_Try it_
What you give back should be exactly the opening lines of the data, ending with the line that contains "inv\<^bsub>H\<^esub> y |" and including it.

_Source data_
lemma (in group) conj_hom: "a \<in> carrier G \<Longrightarrow> (\<lambda>h. inv a \<otimes> h \<otimes> a) \<in> hom G G"
  by (rule homI) (simp_all add: m_assoc)

lemma (in group) normal_generate_if_conj_closed:
  assumes S: "S \<subseteq> carrier G"
    and conj_S: "\<And>a h. a \<in> carrier G \<Longrightarrow> h \<in> S \<Longrightarrow> inv a \<otimes> h \<otimes> a \<in> generate G S"
  shows "generate G S \<lhd> G"
proof -
  have "x \<otimes> h \<otimes> inv x \<in> generate G S" if x: "x \<in> carrier G" and h: "h \<in> generate G S" for x h
  proof -
    have "(\<lambda>h. inv (inv x) \<otimes> h \<otimes> inv x) ` generate G S \<subseteq> generate G S"
      using x S conj_S[of "inv x"] by (intro hom_image_generate_subset conj_hom) auto
    then show ?thesis using x h by auto
  qed
  then show ?thesis by (simp add: normal_inv_iff generate_is_subgroup[OF S])
qed

definition differences :: "('a, 'b) monoid_scheme \<Rightarrow> 'a set \<Rightarrow> 'a set" where
  "differences H S = {x \<otimes>\<^bsub>H\<^esub> inv\<^bsub>H\<^esub> y | x y. x \<in> S \<and> y \<in> S}"

lemma (in group) differences_subset: "S \<subseteq> carrier G \<Longrightarrow> differences G S \<subseteq> carrier G"
  unfolding differences_def by auto

lemma (in group) generate_differences_normal:
  assumes S: "S \<subseteq> carrier G" and conj_S: "\<And>a x. a \<in> carrier G \<Longrightarrow> x \<in> S \<Longrightarrow> inv a \<otimes> x \<otimes> a \<in> S"
  shows "generate G (differences G S) \<lhd> G"
proof (rule normal_generate_if_conj_closed[OF differences_subset[OF S]])
  fix a d assume a: "a \<in> carrier G" and "d \<in> differences G S"
  then obtain x y where x: "x \<in> S" and y: "y \<in> S" and d: "d = x \<otimes> inv y"
    unfolding differences_def by blast
  have "x \<in> carrier G" "y \<in> carrier G" using x y S by auto
  then have "inv a \<otimes> d \<otimes> a = (inv a \<otimes> x \<otimes> a) \<otimes> inv (inv a \<otimes> y \<otimes> a)"
    using a by (simp add: d m_assoc inv_mult_group)
  also have "\<dots> \<in> differences G S" unfolding differences_def using a x y conj_S by blast
  finally show "inv a \<otimes> d \<otimes> a \<in> generate G (differences G S)" by (rule generate.incl)
qed

lemma subset_ideal_gen: "S \<subseteq> carrier A \<Longrightarrow> S \<subseteq> ideal_gen A M S"
  unfolding ideal_gen_def by blast

lemma brace_ideal_subset: "brace_ideal A M I \<Longrightarrow> I \<subseteq> carrier A"
  unfolding brace_ideal_def using normal_imp_subgroup subgroup.subset by blast

locale skew_left_brace = group A + M: group M
  for A :: "'a monoid" (structure) and M :: "'a monoid" +
  assumes carrier_M [simp]: "carrier M = carrier A"
    and brace_distrib: "\<lbrakk>a \<in> carrier A; b \<in> carrier A; c \<in> carrier A\<rbrakk> \<Longrightarrow>
      a \<otimes>\<^bsub>M\<^esub> (b \<otimes> c) = (a \<otimes>\<^bsub>M\<^esub> b) \<otimes> inv a \<otimes> (a \<otimes>\<^bsub>M\<^esub> c)"

lemma skew_left_braceI: "skew_brace A M \<Longrightarrow> skew_left_brace A M"
  unfolding skew_brace_def skew_left_brace_def skew_left_brace_axioms_def by blast

context skew_left_brace
begin

lemma M_mult_closed [simp]: "a \<in> carrier A \<Longrightarrow> b \<in> carrier A \<Longrightarrow> a \<otimes>\<^bsub>M\<^esub> b \<in> carrier A"
  using M.m_closed by simp

lemma M_inv_closed [simp]: "a \<in> carrier A \<Longrightarrow> inv\<^bsub>M\<^esub> a \<in> carrier A"
  using M.inv_closed by simp

lemma one_M [simp]: "\<one>\<^bsub>M\<^esub> = \<one>"
proof -
  have one: "\<one>\<^bsub>M\<^esub> \<in> carrier A" using M.one_closed by simp
  have "\<one>\<^bsub>M\<^esub> \<otimes>\<^bsub>M\<^esub> (\<one> \<otimes> \<one>) = (\<one>\<^bsub>M\<^esub> \<otimes>\<^bsub>M\<^esub> \<one>) \<otimes> inv \<one>\<^bsub>M\<^esub> \<otimes> (\<one>\<^bsub>M\<^esub> \<otimes>\<^bsub>M\<^esub> \<one>)"
    using brace_distrib[OF one one_closed one_closed] .
  then have "\<one> = inv \<one>\<^bsub>M\<^esub>" using one by (simp add: m_assoc)
  then show ?thesis using one by (metis inv_inv inv_one)
qed

lemma lam_closed [simp]: "a \<in> carrier A \<Longrightarrow> b \<in> carrier A \<Longrightarrow> lam A M a b \<in> carrier A"
  unfolding lam_def by simp

lemma M_mult_eq: "a \<in> carrier A \<Longrightarrow> b \<in> carrier A \<Longrightarrow> a \<otimes>\<^bsub>M\<^esub> b = a \<otimes> lam A M a b"
  unfolding lam_def by (simp flip: m_assoc)

lemma lam_hom: "a \<in> carrier A \<Longrightarrow> lam A M a \<in> hom A A"
  by (rule homI) (simp_all add: lam_def brace_distrib m_assoc)

lemma lam_group_hom: "a \<in> carrier A \<Longrightarrow> group_hom A A (lam A M a)"
  by unfold_locales (rule lam_hom)

lemma lam_mult: "\<lbrakk>a \<in> carrier A; b \<in> carrier A; c \<in> carrier A\<rbrakk> \<Longrightarrow>
    lam A M a (b \<otimes> c) = lam A M a b \<otimes> lam A M a c"
  using lam_hom by (simp add: hom_mult)

lemma lam_inv: "a \<in> carrier A \<Longrightarrow> b \<in> carrier A \<Longrightarrow> lam A M a (inv b) = inv (lam A M a b)"
  using group_hom.hom_inv[OF lam_group_hom] by blast

lemma lam_one_right [simp]: "a \<in> carrier A \<Longrightarrow> lam A M a \<one> = \<one>"
  using group_hom.hom_one[OF lam_group_hom] by blast

lemma lam_one_left [simp]: "b \<in> carrier A \<Longrightarrow> lam A M \<one> b = b"
  unfolding lam_def using M.l_one[of b] by simp

lemma lam_M_mult: "\<lbrakk>a \<in> carrier A; b \<in> carrier A; c \<in> carrier A\<rbrakk> \<Longrightarrow>
    lam A M (a \<otimes>\<^bsub>M\<^esub> b) c = lam A M a (lam A M b c)"
proof -
  assume a: "a \<in> carrier A" and b: "b \<in> carrier A" and c: "c \<in> carrier A"
  have "(a \<otimes>\<^bsub>M\<^esub> b) \<otimes>\<^bsub>M\<^esub> c = a \<otimes>\<^bsub>M\<^esub> (b \<otimes> lam A M b c)"
    using a b c by (simp add: M.m_assoc M_mult_eq[of b c])
  also have "\<dots> = (a \<otimes>\<^bsub>M\<^esub> b) \<otimes> (inv a \<otimes> (a \<otimes>\<^bsub>M\<^esub> lam A M b c))"
    using a b c by (simp add: brace_distrib m_assoc)
  finally show ?thesis
    using a b c by (simp add: lam_def[of A M "a \<otimes>\<^bsub>M\<^esub> b"] lam_def[of A M a] flip: m_assoc)
qed

lemma lam_M_inv_left [simp]: "a \<in> carrier A \<Longrightarrow> c \<in> carrier A \<Longrightarrow> lam A M (inv\<^bsub>M\<^esub> a) (lam A M a c) = c"
  using lam_M_mult[of "inv\<^bsub>M\<^esub> a" a c] M.l_inv[of a] by simp

lemma lam_M_inv_right [simp]: "a \<in> carrier A \<Longrightarrow> c \<in> carrier A \<Longrightarrow> lam A M a (lam A M (inv\<^bsub>M\<^esub> a) c) = c"
  using lam_M_mult[of a "inv\<^bsub>M\<^esub> a" c] M.r_inv[of a] by simp

lemma lam_M_inv_self: "a \<in> carrier A \<Longrightarrow> lam A M a (inv\<^bsub>M\<^esub> a) = inv a"
  unfolding lam_def using M.r_inv[of a] by simp

definition lam_kernel :: "'a set" where
  "lam_kernel = {a \<in> carrier A. \<forall>b\<in>carrier A. lam A M a b = b}"

lemma lam_kernelD: "a \<in> lam_kernel \<Longrightarrow> b \<in> carrier A \<Longrightarrow> lam A M a b = b"
  unfolding lam_kernel_def by blast

lemma lam_kernel_subset: "lam_kernel \<subseteq> carrier A"
  unfolding lam_kernel_def by blast

lemma M_mult_lam_kernel: "a \<in> lam_kernel \<Longrightarrow> b \<in> carrier A \<Longrightarrow> a \<otimes>\<^bsub>M\<^esub> b = a \<otimes> b"
  using M_mult_eq lam_kernelD lam_kernel_subset by auto

lemma lam_kernel_subgroup: "subgroup lam_kernel A"
proof (rule subgroupI)
  show "lam_kernel \<subseteq> carrier A" by (rule lam_kernel_subset)
  show "lam_kernel \<noteq> {}" unfolding lam_kernel_def by auto
next
  fix a assume a: "a \<in> lam_kernel"
  then have ac: "a \<in> carrier A" using lam_kernel_subset by blast
  have "a \<otimes>\<^bsub>M\<^esub> inv a = \<one>\<^bsub>M\<^esub>" using M_mult_lam_kernel[OF a] ac by simp
  then have "inv\<^bsub>M\<^esub> a = inv a" using ac by (simp add: M.inv_comm M.inv_equality)
  then show "inv a \<in> lam_kernel"
    using a ac lam_M_inv_left[of a] unfolding lam_kernel_def by auto
next
  fix a c assume a: "a \<in> lam_kernel" and c: "c \<in> lam_kernel"
  then have ac: "a \<in> carrier A" and cc: "c \<in> carrier A" using lam_kernel_subset by auto
  have "lam A M (a \<otimes>\<^bsub>M\<^esub> c) b = b" if "b \<in> carrier A" for b
    using that ac cc a c by (simp add: lam_M_mult lam_kernelD)
  then show "a \<otimes> c \<in> lam_kernel"
    using ac cc M_mult_lam_kernel[OF a cc] unfolding lam_kernel_def by simp
qed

_Task response_
lemma (in group) conj_hom: "a \<in> carrier G \<Longrightarrow> (\<lambda>h. inv a \<otimes> h \<otimes> a) \<in> hom G G"
  by (rule homI) (simp_all add: m_assoc)

lemma (in group) normal_generate_if_conj_closed:
  assumes S: "S \<subseteq> carrier G"
    and conj_S: "\<And>a h. a \<in> carrier G \<Longrightarrow> h \<in> S \<Longrightarrow> inv a \<otimes> h \<otimes> a \<in> generate G S"
  shows "generate G S \<lhd> G"
proof -
  have "x \<otimes> h \<otimes> inv x \<in> generate G S" if x: "x \<in> carrier G" and h: "h \<in> generate G S" for x h
  proof -
    have "(\<lambda>h. inv (inv x) \<otimes> h \<otimes> inv x) ` generate G S \<subseteq> generate G S"
      using x S conj_S[of "inv x"] by (intro hom_image_generate_subset conj_hom) auto
    then show ?thesis using x h by auto
  qed
  then show ?thesis by (simp add: normal_inv_iff generate_is_subgroup[OF S])
qed

definition differences :: "('a, 'b) monoid_scheme \<Rightarrow> 'a set \<Rightarrow> 'a set" where
  "differences H S = {x \<otimes>\<^bsub>H\<^esub> inv\<^bsub>H\<^esub> y | x y. x \<in> S \<and> y \<in> S}"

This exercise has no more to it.